Egon von Greyerz : Cela me fait plaisir de
revenir…
Max Kaiser : Nous avons avec nous
l’homme qui est descendu des montagnes suisses ! Egon, j’aimerais savoir ce
que vous pensez de cela… ceci est un graphique dont nous discutions dans la
première partie, sur l’expansion du crédit comparée au PIB qui reste plat,
qui ne va nulle part. Que se passe-t-il ? Pouvez-vous commenter cela ?

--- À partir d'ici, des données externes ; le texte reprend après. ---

lemma nn_integral_bounded_lin_form_powr_neg_finite:
  fixes a :: "complex^'n" and S :: "(complex^'n) set"
  assumes "bounded S" "a \<noteq> 0" "0 \<le> q" "q < 2"
  shows "(\<integral>\<^sup>+ z. indicator S z * ennreal (cmod (c - lin_form a z) powr (-q)) \<partial>lborel) < \<infinity>"
proof -
  obtain k where k: "a$k \<noteq> 0" using \<open>a \<noteq> 0\<close> by (auto simp: vec_eq_iff)
  obtain R where R: "0 \<le> R" "\<And>z. z \<in> S \<Longrightarrow> norm z \<le> R"
    using \<open>bounded S\<close> by (meson bounded_pos less_imp_le)
  define E where "E = (\<lambda>z::complex^'n. ennreal (cmod (c - lin_form a z) powr (-q)))"
  have E_m: "E \<in> borel_measurable borel"
    unfolding E_def by (rule lin_form_powr_neg_borel_measurable)
  have "(\<integral>\<^sup>+ z. indicator S z * E z \<partial>lborel)
      \<le> (\<integral>\<^sup>+ z. (\<Prod>b\<in>Basis. indicator {-R..R} (z \<bullet> b)) * E z \<partial>lborel)"
  proof (intro nn_integral_mono)
    fix z :: "complex^'n"
    have "(\<Prod>b\<in>Basis. indicator {-R..R} (z \<bullet> b) :: ennreal) = 1" if "z \<in> S"
      using R(2)[OF that] Basis_le_norm[of _ z] by (intro prod.neutral) (force simp: indicator_def abs_le_iff)
    then show "indicator S z * E z \<le> (\<Prod>b\<in>Basis. indicator {-R..R} (z \<bullet> b)) * E z"
      by (cases "z \<in> S") auto
  qed
  also have "\<dots> = (\<integral>\<^sup>+ f. (\<Prod>b\<in>Basis. indicator {-R..R} (f b)) *
      ennreal (cmod (c - (\<Sum>b\<in>Basis. complex_of_real (f b) * lin_form a b)) powr (-q)) \<partial>PiM Basis (\<lambda>_. lborel))"
    unfolding nn_integral_lborel_cube_eq_PiM[OF E_m] by (simp add: E_def lin_form_sum lin_form_scaleR)
  also have "\<dots> < \<infinity>"
  proof (rule nn_integral_PiM_linear_powr_neg_finite)
    show "axis k 1 \<in> (Basis::(complex^'n) set)" "axis k \<i> \<in> (Basis::(complex^'n) set)"
      by (auto simp: Basis_complex_def)
    show "axis k (1::complex) \<noteq> axis k \<i>"
      by (metis axis_nth complex_i_not_one)
    show "lin_form a (axis k \<i>) = \<i> * lin_form a (axis k 1)" "lin_form a (axis k 1) \<noteq> 0"
      using k by (auto simp: lin_form_axis)
  qed (use assms R in auto)
  finally show ?thesis unfolding E_def .
qed

section \<open>Holomorphic functions and the spaces \<open>OL\<^sup>p\<close>\<close>

lemma holo_n_compose:
  fixes G :: "complex^'n \<Rightarrow> complex"
  assumes "holo_n S G" and "\<And>z. z \<in> S \<Longrightarrow> (g has_field_derivative g' z) (at (G z))"
  shows "holo_n S (\<lambda>z. g (G z))"
  unfolding holo_n_def
proof
  fix z assume z: "z \<in> S"
  obtain A :: "complex^'n" where A: "(G has_derivative (\<lambda>h. \<Sum>j\<in>UNIV. A$j * h$j)) (at z)"
    using assms(1) z unfolding holo_n_def by blast
  have "((\<lambda>z. g (G z)) has_derivative (\<lambda>h. g' z * (\<Sum>j\<in>UNIV. A$j * h$j))) (at z)"
    using has_derivative_compose[OF A has_field_derivative_imp_has_derivative[OF assms(2)[OF z]]] .
  then have "((\<lambda>z. g (G z)) has_derivative (\<lambda>h. \<Sum>j\<in>UNIV. (\<chi> j. g' z * A$j)$j * h$j)) (at z)"
    by (rule has_derivative_eq_rhs) (simp add: sum_distrib_left mult_ac)
  then show "\<exists>a::complex^'n. ((\<lambda>z. g (G z)) has_derivative (\<lambda>h. \<Sum>j\<in>UNIV. a$j * h$j)) (at z)" ..
qed

lemma holo_n_affine: "holo_n S (\<lambda>z. c - lin_form (a :: complex^'n) z)"
  unfolding holo_n_def
proof
  fix z
  have "((\<lambda>z. c - lin_form a z) has_derivative (\<lambda>h. 0 - (\<Sum>j\<in>UNIV. a$j * h$j))) (at z)"
    unfolding lin_form_def
    by (intro has_derivative_diff has_derivative_const has_derivative_sum has_derivative_mult_right
        bounded_linear.has_derivative[OF bounded_linear_vec_nth] has_derivative_ident)
  then have "((\<lambda>z. c - lin_form a z) has_derivative (\<lambda>h. \<Sum>j\<in>UNIV. (- a)$j * h$j)) (at z)"
    by (rule has_derivative_eq_rhs) (simp add: sum_negf)
  then show "\<exists>b::complex^'n. ((\<lambda>z. c - lin_form a z) has_derivative (\<lambda>h. \<Sum>j\<in>UNIV. b$j * h$j)) (at z)" ..
qed

lemma holo_n_imp_continuous_on: "holo_n S G \<Longrightarrow> continuous_on S G"
  unfolding holo_n_def
  by (blast intro: continuous_at_imp_continuous_on has_derivative_continuous)

lemma OL_if_dominated_by_lin_form_powr_neg:
  fixes h :: "complex^'n \<Rightarrow> complex"
  assumes "holo_n \<Omega> h" "open \<Omega>" "bounded \<Omega>" "a \<noteq> 0" "0 \<le> q" "q < 2" "0 \<le> C" "0 \<le> D"
    and bound: "\<And>z. z \<in> \<Omega> \<Longrightarrow> norm (h z) powr p \<le> C + D * cmod (c - lin_form a z) powr (-q)"
  shows "h \<in> OL p \<Omega>"
  unfolding OL_def set_integrable_def
proof (intro CollectI conjI integrableI_bounded \<open>holo_n \<Omega> h\<close>)
  have [measurable]: "(\<lambda>z. indicator \<Omega> z *\<^sub>R h z) \<in> borel_measurable borel"
    using assms by (intro borel_measurable_continuous_on_indicator holo_n_imp_continuous_on) auto
  have "(\<lambda>z. norm (indicator \<Omega> z *\<^sub>R h z) powr p) \<in> borel_measurable borel" by measurable
  moreover have "(\<lambda>z. norm (indicator \<Omega> z *\<^sub>R h z) powr p) = (\<lambda>z. indicator \<Omega> z *\<^sub>R (norm (h z) powr p))"
    by (auto simp: indicator_def)
  ultimately show "(\<lambda>z. indicator \<Omega> z *\<^sub>R (norm (h z) powr p)) \<in> borel_measurable lborel"
    by simp
  have [measurable]: "\<Omega> \<in> sets borel" using \<open>open \<Omega>\<close> by auto
  define E where "E = (\<lambda>z::complex^'n. ennreal (cmod (c - lin_form a z) powr (-q)))"
  have [measurable]: "E \<in> borel_measurable borel"
    unfolding E_def by (rule lin_form_powr_neg_borel_measurable)
  have "(\<integral>\<^sup>+ z. ennreal (norm (indicator \<Omega> z *\<^sub>R (norm (h z) powr p))) \<partial>lborel)
     \<le> (\<integral>\<^sup>+ z. ennreal C * indicator \<Omega> z + ennreal D * (indicator \<Omega> z * E z) \<partial>lborel)"
  proof (intro nn_integral_mono)
    fix z :: "complex^'n"
    show "ennreal (norm (indicator \<Omega> z *\<^sub>R (norm (h z) powr p)))
      \<le> ennreal C * indicator \<Omega> z + ennreal D * (indicator \<Omega> z * E z)"
    proof (cases "z \<in> \<Omega>")
      case True
      then have "ennreal (norm (h z) powr p) \<le> ennreal (C + D * cmod (c - lin_form a z) powr (-q))"
        using bound by (intro ennreal_leI) auto
      then show ?thesis
        using True assms by (simp add: E_def ennreal_plus[symmetric] ennreal_mult[symmetric] del: ennreal_plus)
    qed simp
  qed
  also have "\<dots> = ennreal C * emeasure lborel \<Omega> + ennreal D * (\<integral>\<^sup>+ z. indicator \<Omega> z * E z \<partial>lborel)"
    by (subst nn_integral_add) (auto simp: nn_integral_cmult)
  also have "\<dots> < \<infinity>"
    using emeasure_bounded_finite[OF \<open>bounded \<Omega>\<close>]
      nn_integral_bounded_lin_form_powr_neg_finite[OF \<open>bounded \<Omega>\<close> \<open>a \<noteq> 0\<close> \<open>0 \<le> q\<close> \<open>q < 2\<close>, of c]
    by (simp add: E_def ennreal_mult_less_top)
  finally show "(\<integral>\<^sup>+ z. ennreal (norm (indicator \<Omega> z *\<^sub>R (norm (h z) powr p))) \<partial>lborel) < \<infinity>" .
qed

lemma abs_ln_add_powr_le:
  fixes p c M x :: real
  assumes p: "1 \<le> p" and c: "0 \<le> c" and M: "1 \<le> M" and x: "0 < x" "x \<le> M"
  shows "(\<bar>ln x\<bar> + c) powr p \<le> 2 powr p * (ln M + c) powr p + 2 powr p * p powr p * x powr (-1)"
proof -
  define L where "L = ln M + c"
  define P where "P = p * x powr (-1/p)"
  have L: "0 \<le> L" and P: "0 < P" using M c p x by (simp_all add: L_def P_def)
  have "\<bar>ln x\<bar> \<le> ln M + P"
  proof (cases "x \<ge> 1")
    case True
    have "ln x \<le> ln M" using x by simp
    with True P show ?thesis by simp
  next
    case False
    have "ln (x powr (-1/p)) \<le> x powr (-1/p) - 1"
      using x by (intro ln_le_minus_one) simp
    then have "- ln x / p \<le> x powr (-1/p)" using x by (simp add: ln_powr)
    then have "p * (- ln x / p) \<le> p * x powr (-1/p)" using p by (intro mult_left_mono) auto
    then have "- ln x \<le> P" using p by (simp add: P_def)
    moreover have "0 \<le> ln M" using M by simp
    moreover have "ln x < 0" using False x by simp
    ultimately show ?thesis by arith
  qed
  then have "(\<bar>ln x\<bar> + c) powr p \<le> (L + P) powr p"
    using p c by (intro powr_mono2) (auto simp: L_def)
  also have "\<dots> \<le> (2 * max L P) powr p"
    using p L P by (intro powr_mono2) auto
  also have "\<dots> = 2 powr p * max L P powr p"
    using L P by (simp add: powr_mult)
  also have "\<dots> \<le> 2 powr p * (L powr p + P powr p)"
    by (intro mult_left_mono) (auto simp: max_def)
  also have "P powr p = p powr p * x powr (-1)"
    using p x by (simp add: P_def powr_mult powr_powr)
  finally show ?thesis by (simp add: L_def algebra_simps)
qed

lemma inverse_lin_form_in_OL:
  fixes a :: "complex^'n"
  assumes "open \<Omega>" "bounded \<Omega>" "a \<noteq> 0" "\<And>z. z \<in> \<Omega> \<Longrightarrow> lin_form a z \<noteq> c" "0 \<le> p" "p < 2"
  shows "(\<lambda>z. inverse (c - lin_form a z)) \<in> OL p \<Omega>"
proof (rule OL_if_dominated_by_lin_form_powr_neg[where C = 0 and D = 1 and q = p])
  show "holo_n \<Omega> (\<lambda>z. inverse (c - lin_form a z))"
    by (rule holo_n_compose[OF holo_n_affine], rule DERIV_inverse) (use assms(4) in auto)
qed (use assms in \<open>auto simp: norm_inverse powr_minus inverse_powr\<close>)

Egon von Greyerz : Oui… cela s’appelle
la loi des rendements décroissants ou, en termes simples, "pousser sur
une corde". Vous ne pouvez pas améliorer les choses et, comme les gens
derrière nous (de la City à Londres), vous ne pouvez pas créer de la richesse
en imprimant des morceaux de papier sans valeur… et c’est ce que tous les
gouvernements font en ce moment à travers le monde. Et, évidemment, vous
atteignez un point où le PIB ne grimpe plus, car toute cette monnaie imprimée
en vue de le faire grimper est sans valeur… Si vous mesurez le PIB avec l’inflation
réelle plutôt qu’avec les chiffres publiés, vous obtiendrez un PIB
décroissant.
Max Kaiser : Une ou deux questions ici…
Premièrement, vous dites que l’on ne peut pas créer de la prospérité en
imprimant beaucoup de monnaie… Mais nous vivons dans une économie, depuis une
centaine d’années, voire 150 ans, où la création de crédit fait partie de
l’expansion économique. Il me semble, et corrigez-moi si je me trompe, que le
cycle économique où vous aviez de la création de crédit, et alors une offre
trop grande de biens et services, puis une baisse des prix, et une
contraction du crédit… il semble que ces lois de la réalité économique ont
été modifiées par cette mantra qui dit que, quelque soit le climat
économique, on garde les vannes du crédit ouvertes… peu importe ce qu’il se
passe, laissons les vannes ouvertes… ai-je raison ?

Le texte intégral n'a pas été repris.